Use Exposition to Reveal Information
Exposition is information. Fiction is full of information. A character grew up in Cincinnati; she has green eyes; she has three brothers; she was adopted. How and when you choose to reveal information is crucial to surprise, but you run the risk of being manipulative or, worse, predictable.
How many undergraduate stories have I read where the last line reveals that the narrator is dead? That’s not a surprise; that’s a trick. And remember: No tricks. But if you dole the information out judiciously, the effect can be powerful.
For instance: In chapter one, we learn that a young man steals a loaf of bread and then sits on a street corner and eats it. How do we feel? Well, that depends on you. Exposition forces the reader to situate themselves morally within a story. If we have sympathy for someone whom we believe is homeless, we may feel sympathetic.
But if in chapter two we learn that the young man has a trust fund, our feelings may shift toward anger. The surprise, therefore, comes in how our own feelings shift for this young man, and it’s all because of one piece of exposition being added to the puzzle of who he is.
Shift Point of View
I typically don’t recommend shifting point of view in short stories for the purpose of plot because you’re likely to do so at the expense of character development, and shifts are more likely to come across as manipulative. Short stories are, after all, short. The more compressed something is, the more you sacrifice. But in a novel? Have at it!
(John McNally: Renewed Interest in the Magic of Short Stories.)
You have hundreds and hundreds of pages to play with in a novel, so you have more than enough room to experiment with shifting perspectives. What one character knows, another character doesn’t. But the surprise comes in the arrangement of the chapters.
Here are two useful definitions: Story is “what happens” whereas plot is “the arrangement of what happens,” and any surprise that you achieve is in that arrangement. If the movie Jaws was told in reverse chronological order, there wouldn’t be any element of surprise, and yet a movie like Pulp Fiction generates surprises because the story is told out of chronological order and shifts perspectives.
Move From Micro to Macro
Whenever someone ends up on TV for having done something spectacular or surprising, a reporter will often find a neighbor or distant family member or teacher who will cite some small detail—a hobby or a behavior—in the subject’s life that hinted toward what was to come: “He was always a collector—you know, stamps and beer cans,” says the old classmate about the man who now owns six islands.
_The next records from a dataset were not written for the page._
definition L_smooth_grad :: "real \<Rightarrow> ('a::real_normed_vector \<Rightarrow> 'a) \<Rightarrow> bool" where
  "L_smooth_grad L G \<longleftrightarrow> (\<forall>x y. norm (G x - G y) \<le> L * norm (x - y))"

definition in_F0L :: "real \<Rightarrow> ('a::real_normed_vector \<Rightarrow> real) \<Rightarrow> ('a \<Rightarrow> 'a) \<Rightarrow> bool" where
  "in_F0L L h G \<longleftrightarrow> convex_on UNIV h \<and> L_smooth_grad L G"

end

theory Submission
  imports Defs
begin

text \<open>With \<open>c = \<alpha> / ((1 - \<alpha> m n) m n)\<close> consider the Lyapunov function
  \<open>V(y) = \<parallel>x - x\<^sup>*\<parallel>\<^sup>2 + c \<Sum>\<^sub>i \<parallel>y\<^sub>i + \<nabla>f\<^sub>i(x\<^sup>*)\<parallel>\<^sup>2\<close>, where \<open>x\<close> is the mean \<open>(1/(mn)) \<Sum>\<^sub>i y\<^sub>i\<close>.
  Optimality of \<open>x\<^sup>*\<close> gives \<open>\<Sum>\<^sub>i \<nabla>f\<^sub>i(x\<^sup>*) = -mn x\<^sup>*\<close>, so
  \<open>x - x\<^sup>* = (1/(mn)) \<Sum>\<^sub>i e\<^sub>i\<close> with \<open>e\<^sub>i = y\<^sub>i + \<nabla>f\<^sub>i(x\<^sup>*)\<close>.
  Updating coordinate \<open>i\<close> moves \<open>x\<close> by \<open>-\<alpha>(d\<^sub>i + e\<^sub>i)\<close>, \<open>d\<^sub>i = \<nabla>f\<^sub>i(x) - \<nabla>f\<^sub>i(x\<^sup>*)\<close>; expanding
  both squares exactly, the choice of \<open>c\<close> makes all mixed terms \<open>d\<^sub>i \<bullet> e\<^sub>i\<close> cancel, and
  averaging over \<open>i\<close> leaves
  \<open>(1 - m\<alpha>) V(y) - (\<alpha>/n)(mn\<parallel>x - x\<^sup>*\<parallel>\<^sup>2 + 2 (x - x\<^sup>*) \<bullet> \<Sum>\<^sub>i d\<^sub>i - \<alpha>/(1 - \<alpha>mn) \<Sum>\<^sub>i \<parallel>d\<^sub>i\<parallel>\<^sup>2)\<close>.
  The bracket is nonnegative under the stepsize restrictions: for item 1 by co-coercivity
  \<open>\<parallel>d\<^sub>i\<parallel>\<^sup>2 \<le> L (x - x\<^sup>*) \<bullet> d\<^sub>i\<close> of gradients of functions in \<open>\<F>(0,L)\<close>, for item 2 by the
  Lipschitz bound \<open>\<parallel>d\<^sub>i\<parallel> \<le> L\<parallel>x - x\<^sup>*\<parallel>\<close> together with monotonicity of the gradient of the
  convex sum. Hence the expected Lyapunov value contracts by \<open>1 - m\<alpha>\<close> per step.\<close>

section \<open>First-order facts for convex and smooth functions\<close>

lemma has_real_derivative_along_line:
  fixes F :: "'a::real_inner \<Rightarrow> real"
  assumes grad: "\<And>z. (F has_derivative (\<lambda>h. G z \<bullet> h)) (at z)"
  shows "((\<lambda>t. F (x + t *\<^sub>R h)) has_real_derivative (G (x + t *\<^sub>R h) \<bullet> h)) (at t)"
proof -
  have "((\<lambda>t. x + t *\<^sub>R h) has_derivative (\<lambda>s. s *\<^sub>R h)) (at t)"
    by (auto intro!: derivative_eq_intros)
  from has_derivative_compose[OF this grad]
  have "((\<lambda>t. F (x + t *\<^sub>R h)) has_derivative (\<lambda>s. G (x + t *\<^sub>R h) \<bullet> (s *\<^sub>R h))) (at t)"
    by (simp add: o_def)
  moreover have "(\<lambda>s. G (x + t *\<^sub>R h) \<bullet> (s *\<^sub>R h)) = (*) (G (x + t *\<^sub>R h) \<bullet> h)"
    by (auto simp: fun_eq_iff)
  ultimately show ?thesis
    unfolding has_field_derivative_def by simp
qed

lemma convex_on_gradient_inequality:
  fixes F :: "'a::real_inner \<Rightarrow> real"
  assumes convex: "convex_on UNIV F" and grad: "\<And>z. (F has_derivative (\<lambda>h. G z \<bullet> h)) (at z)"
  shows "F x + G x \<bullet> (y - x) \<le> F y"
proof -
  define \<psi> where "\<psi> t = F (x + t *\<^sub>R (y - x))" for t
  have "convex_on UNIV \<psi>"
  proof (rule convex_onI)
    fix t a b :: real assume t: "0 < t" "t < 1"
    have "x + ((1 - t) *\<^sub>R a + t *\<^sub>R b) *\<^sub>R (y - x)
        = (1 - t) *\<^sub>R (x + a *\<^sub>R (y - x)) + t *\<^sub>R (x + b *\<^sub>R (y - x))"
      by (simp add: algebra_simps)
    then show "\<psi> ((1 - t) *\<^sub>R a + t *\<^sub>R b) \<le> (1 - t) * \<psi> a + t * \<psi> b"
      unfolding \<psi>_def using convex_onD[OF convex, of t] t by simp
  qed simp
  moreover have "(\<psi> has_real_derivative (G x \<bullet> (y - x))) (at 0)"
    using has_real_derivative_along_line[OF grad, of x "y - x" 0] by (simp add: \<psi>_def[abs_def])
  ultimately have "\<psi> 1 - \<psi> 0 \<ge> (G x \<bullet> (y - x)) * (1 - 0)"
    by (intro convex_on_imp_above_tangent) auto
  then show ?thesis by (simp add: \<psi>_def)
qed

lemma convex_on_gradient_monotone:
  fixes F :: "'a::real_inner \<Rightarrow> real"
  assumes convex: "convex_on UNIV F" and grad: "\<And>z. (F has_derivative (\<lambda>h. G z \<bullet> h)) (at z)"
  shows "0 \<le> (G y - G x) \<bullet> (y - x)"
  using convex_on_gradient_inequality[OF convex grad, of x y]
    convex_on_gradient_inequality[OF convex grad, of y x]
  by (simp add: inner_diff_left inner_diff_right)

lemma L_smooth_grad_descent:
  fixes F :: "'a::real_inner \<Rightarrow> real"
  assumes grad: "\<And>z. (F has_derivative (\<lambda>h. G z \<bullet> h)) (at z)" and smooth: "L_smooth_grad L G"
  shows "F y \<le> F x + G x \<bullet> (y - x) + L / 2 * (norm (y - x))\<^sup>2"
proof -
  define h where "h = y - x"
  define \<phi> where "\<phi> t = F (x + t *\<^sub>R h) - t * (G x \<bullet> h) - L / 2 * t\<^sup>2 * (norm h)\<^sup>2" for t
  have "\<phi> 1 \<le> \<phi> 0"
  proof (rule DERIV_nonpos_imp_nonincreasing[where f = \<phi>])
    fix t :: real assume t: "0 \<le> t" "t \<le> 1"
    have deriv: "(\<phi> has_real_derivative
        (G (x + t *\<^sub>R h) \<bullet> h - G x \<bullet> h - L / 2 * (2 * t) * (norm h)\<^sup>2)) (at t)"
      unfolding \<phi>_def
      by (intro DERIV_diff DERIV_cmult has_real_derivative_along_line[OF grad] DERIV_cmult_right)
         (auto intro!: derivative_eq_intros)
    have "G (x + t *\<^sub>R h) \<bullet> h - G x \<bullet> h = (G (x + t *\<^sub>R h) - G x) \<bullet> h"
      by (simp add: inner_diff_left)
    also have "\<dots> \<le> norm (G (x + t *\<^sub>R h) - G x) * norm h"
      by (rule norm_cauchy_schwarz)
    also have "\<dots> \<le> (L * norm (t *\<^sub>R h)) * norm h"
      using smooth[unfolded L_smooth_grad_def, rule_format, of "x + t *\<^sub>R h" x]
      by (intro mult_right_mono) auto
    also have "\<dots> = L * t * (norm h)\<^sup>2"
      using t by (simp add: power2_eq_square)
    finally show "\<exists>D. DERIV \<phi> t :> D \<and> D \<le> 0"
      using deriv by (auto simp: algebra_simps)
  qed simp
  then show ?thesis by (simp add: \<phi>_def h_def)
qed

text \<open>Compare \<open>F\<close> at \<open>z = b - (1/L)(G b - G a)\<close> from below (convexity, tangent at \<open>a\<close>) and
  from above (descent lemma at \<open>b\<close>).\<close>
lemma in_F0L_lower_bound:
  fixes F :: "'a::real_inner \<Rightarrow> real"
  assumes F: "in_F0L L F G" and grad: "\<And>z. (F has_derivative (\<lambda>h. G z \<bullet> h)) (at z)"
    and L: "L > 0"
  shows "F a + G a \<bullet> (b - a) + 1 / (2 * L) * (norm (G b - G a))\<^sup>2 \<le> F b"
proof -
  define g where "g = G b - G a"
  define z where "z = b - (1 / L) *\<^sub>R g"
  have convex: "convex_on UNIV F" and smooth: "L_smooth_grad L G"
    using F by (auto simp: in_F0L_def)
  have above: "F z \<le> F b + G b \<bullet> (z - b) + L / 2 * (norm (z - b))\<^sup>2"
    by (rule L_smooth_grad_descent[OF grad smooth])
  have below: "F a + G a \<bullet> (z - a) \<le> F z"
    by (rule convex_on_gradient_inequality[OF convex grad])
  have "G a \<bullet> (z - a) = G a \<bullet> (b - a) + G a \<bullet> (z - b)"
    by (simp add: inner_diff_right)
  moreover have "G b \<bullet> (z - b) - G a \<bullet> (z - b) = - (1 / L) * (norm g)\<^sup>2"
    by (simp add: z_def g_def power2_norm_eq_inner inner_diff_left algebra_simps)
  moreover have "L / 2 * (norm (z - b))\<^sup>2 = 1 / (2 * L) * (norm g)\<^sup>2"
    using L by (simp add: z_def power2_eq_square field_simps)
  ultimately show ?thesis
    using above below by (simp add: g_def)
qed

lemma in_F0L_cocoercive:
  fixes F :: "'a::real_inner \<Rightarrow> real"
  assumes F: "in_F0L L F G" and grad: "\<And>z. (F has_derivative (\<lambda>h. G z \<bullet> h)) (at z)"
    and L: "L > 0"
  shows "(norm (G y - G x))\<^sup>2 \<le> L * ((y - x) \<bullet> (G y - G x))"
proof -
  have "1 / L * (norm (G y - G x))\<^sup>2 \<le> (y - x) \<bullet> (G y - G x)"
    using in_F0L_lower_bound[OF F grad L, of x y] in_F0L_lower_bound[OF F grad L, of y x]
    by (simp add: norm_minus_commute inner_diff_left inner_diff_right inner_commute field_simps)
  then show ?thesis
    using L by (simp add: field_simps)
qed

lemma sum_grad_at_regularized_minimizer:
  fixes f :: "nat \<Rightarrow> 'a::real_inner \<Rightarrow> real"
  assumes n: "n \<ge> 1"
    and grad: "\<And>i x. i < n \<Longrightarrow> (f i has_derivative (\<lambda>h. gr i x \<bullet> h)) (at x)"
    and min: "\<And>x. (1 / real n) * (\<Sum>i<n. f i xs) + m / 2 * (norm xs)\<^sup>2
                  \<le> (1 / real n) * (\<Sum>i<n. f i x) + m / 2 * (norm x)\<^sup>2"
  shows "(\<Sum>i<n. gr i xs) = - (m * real n) *\<^sub>R xs"
proof -
  define v where "v = (1 / real n) *\<^sub>R (\<Sum>i<n. gr i xs) + m *\<^sub>R xs"
  have "((\<lambda>x. \<Sum>i<n. f i x) has_derivative (\<lambda>h. \<Sum>i<n. gr i xs \<bullet> h)) (at xs)"
    by (rule has_derivative_sum) (simp add: grad)
  moreover have "((\<lambda>x. x \<bullet> x) has_derivative (\<lambda>h. xs \<bullet> h + h \<bullet> xs)) (at xs)"
    using has_derivative_inner[OF has_derivative_ident has_derivative_ident] by blast
  ultimately have "((\<lambda>x. (1 / real n) * (\<Sum>i<n. f i x) + m / 2 * (x \<bullet> x)) has_derivative
      (\<lambda>h. (1 / real n) * (\<Sum>i<n. gr i xs \<bullet> h) + m / 2 * (xs \<bullet> h + h \<bullet> xs))) (at xs)"
    by (intro has_derivative_add has_derivative_mult_right)
  moreover have "\<forall>\<^sub>F x in at xs. (1 / real n) * (\<Sum>i<n. f i xs) + m / 2 * (xs \<bullet> xs)
      \<le> (1 / real n) * (\<Sum>i<n. f i x) + m / 2 * (x \<bullet> x)"
    using min by (simp add: power2_norm_eq_inner)
  ultimately have "(\<lambda>h. (1 / real n) * (\<Sum>i<n. gr i xs \<bullet> h) + m / 2 * (xs \<bullet> h + h \<bullet> xs)) = (\<lambda>h. 0)"
    by (rule has_derivative_local_min)
  from fun_cong[OF this, of v] have "v \<bullet> v = 0"
    by (simp add: v_def inner_add_left inner_sum_left inner_commute)
  then have "real n *\<^sub>R v = 0" by simp
  then show ?thesis
    using n by (simp add: v_def scaleR_add_right algebra_simps eq_neg_iff_add_eq_0)
qed

section \<open>The SDCA iteration and its Lyapunov function\<close>

definition sdca_mean :: "nat \<Rightarrow> real \<Rightarrow> (nat \<Rightarrow> 'a::real_vector) \<Rightarrow> 'a" where
  "sdca_mean n m y = (1 / (m * real n)) *\<^sub>R (\<Sum>j<n. y j)"

definition sdca_update ::
    "nat \<Rightarrow> real \<Rightarrow> real \<Rightarrow> (nat \<Rightarrow> 'a::real_vector \<Rightarrow> 'a) \<Rightarrow> (nat \<Rightarrow> 'a) \<Rightarrow> nat \<Rightarrow> nat \<Rightarrow> 'a" where
  "sdca_update n m \<alpha> gr y i = y(i := y i - (\<alpha> * m * real n) *\<^sub>R (gr i (sdca_mean n m y) + y i))"

definition sdca_lyapunov ::
    "nat \<Rightarrow> real \<Rightarrow> (nat \<Rightarrow> 'a::real_inner \<Rightarrow> 'a) \<Rightarrow> 'a \<Rightarrow> real \<Rightarrow> (nat \<Rightarrow> 'a) \<Rightarrow> real" where
  "sdca_lyapunov n m gr xs c y = (norm (sdca_mean n m y - xs))\<^sup>2 + c * (\<Sum>i<n. (norm (y i + gr i xs))\<^sup>2)"

text \<open>Nonnegativity, at every \<open>x\<close>, of the bracket in the averaged one-step identity.\<close>
definition sdca_stepsize_admissible ::
    "nat \<Rightarrow> real \<Rightarrow> real \<Rightarrow> (nat \<Rightarrow> 'a::real_inner \<Rightarrow> 'a) \<Rightarrow> 'a \<Rightarrow> bool" where
  "sdca_stepsize_admissible n m \<alpha> gr xs \<longleftrightarrow> (\<forall>x.
     \<alpha> / (1 - \<alpha> * m * real n) * (\<Sum>i<n. (norm (gr i x - gr i xs))\<^sup>2)
       \<le> m * real n * (norm (x - xs))\<^sup>2 + 2 * ((x - xs) \<bullet> (\<Sum>i<n. gr i x - gr i xs)))"

lemma sdca_y_Suc_update:
  "sdca_y n m \<alpha> gr y0 I (Suc k) = sdca_update n m \<alpha> gr (sdca_y n m \<alpha> gr y0 I k) (I k)"
  by (auto simp: sdca_update_def sdca_mean_def Let_def fun_eq_iff)

lemma sdca_x_eq_mean: "sdca_x n m \<alpha> gr y0 I k = sdca_mean n m (sdca_y n m \<alpha> gr y0 I k)"
  by (simp add: sdca_x_def sdca_mean_def)

lemma sdca_y_cong:
  "(\<And>j. j < k \<Longrightarrow> I j = J j) \<Longrightarrow> sdca_y n m \<alpha> gr y0 I k = sdca_y n m \<alpha> gr y0 J k"
  by (induction k) (simp_all add: sdca_y_Suc_update)

lemma sum_PiE_lessThan_Suc:
  "(\<Sum>J\<in>PiE {..<Suc k} (\<lambda>_. A). F J) = (\<Sum>I\<in>PiE {..<k} (\<lambda>_. A). \<Sum>i\<in>A. F (I(k := i)))"
proof -
  have insert: "{..<Suc k} = insert k {..<k}" by auto
  have "(\<Sum>J\<in>PiE {..<Suc k} (\<lambda>_. A). F J)
      = (\<Sum>p\<in>A \<times> PiE {..<k} (\<lambda>_. A). F ((\<lambda>(i, I). I(k := i)) p))"
    unfolding insert PiE_insert_eq
    by (subst sum.reindex) (auto intro: inj_combinator[of k "{..<k}" "\<lambda>_. A", simplified])
  also have "\<dots> = (\<Sum>i\<in>A. \<Sum>I\<in>PiE {..<k} (\<lambda>_. A). F (I(k := i)))"
    by (simp add: sum.cartesian_product case_prod_unfold)
  also have "\<dots> = (\<Sum>I\<in>PiE {..<k} (\<lambda>_. A). \<Sum>i\<in>A. F (I(k := i)))"
    by (rule sum.swap)
  finally show ?thesis .
qed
(10 Questions You Need to Ask Your Characters.)
In fiction, if you establish something early on at the micro level (stamp collecting), it becomes more credible to the reader later when we see the larger, more surprising thing (a man who collects islands). This tip has less to do with creating surprise and more to do with how to avoid making any surprise feel like a trick. What you’re doing is planting the seed in the reader’s head so that the more shocking detail is more palatable.
Even if the reader doesn’t remember the micro detail, they’ve filed it away in their unconscious mind, just as we store thousands of details about the people we know, allowing us to say things like, “It doesn’t surprise me that Jimmy just moved across the globe without telling anyone. He used to do the same thing when we’d go out to bars in college—excuse himself and then never come back.”
Surprise Yourself
In Flannery O’Connor’s short story “Good Country People,” a Bible salesman steals a young woman’s wooden leg. Discussing this story in her essay “Writing Short Stories,” O’Connor admitted that she didn’t know that he was going to steal the leg until 10 or 12 lines before he did: “This is a story that produces a shock for the reader, and I think one reason for this is because it produces a shock for the writer.”
The most surprising moments in my own fiction are those that I didn’t plan. The challenge is to surprise the reader in such a way that the surprise feels organic to the reader and not manipulated. I tend to think of the writer’s role as a method actor in that we submerge ourselves deeply inside the narrator’s consciousness. And if we do that successfully, you create a character that has options, just as a real person has options.
When a character is faced with a choice between those options, the reader may find herself saying “Oh no, don’t do that” or “The author isn’t really going to go there, is she?” And yes, sometimes a Bible salesman will steal a woman’s wooden leg.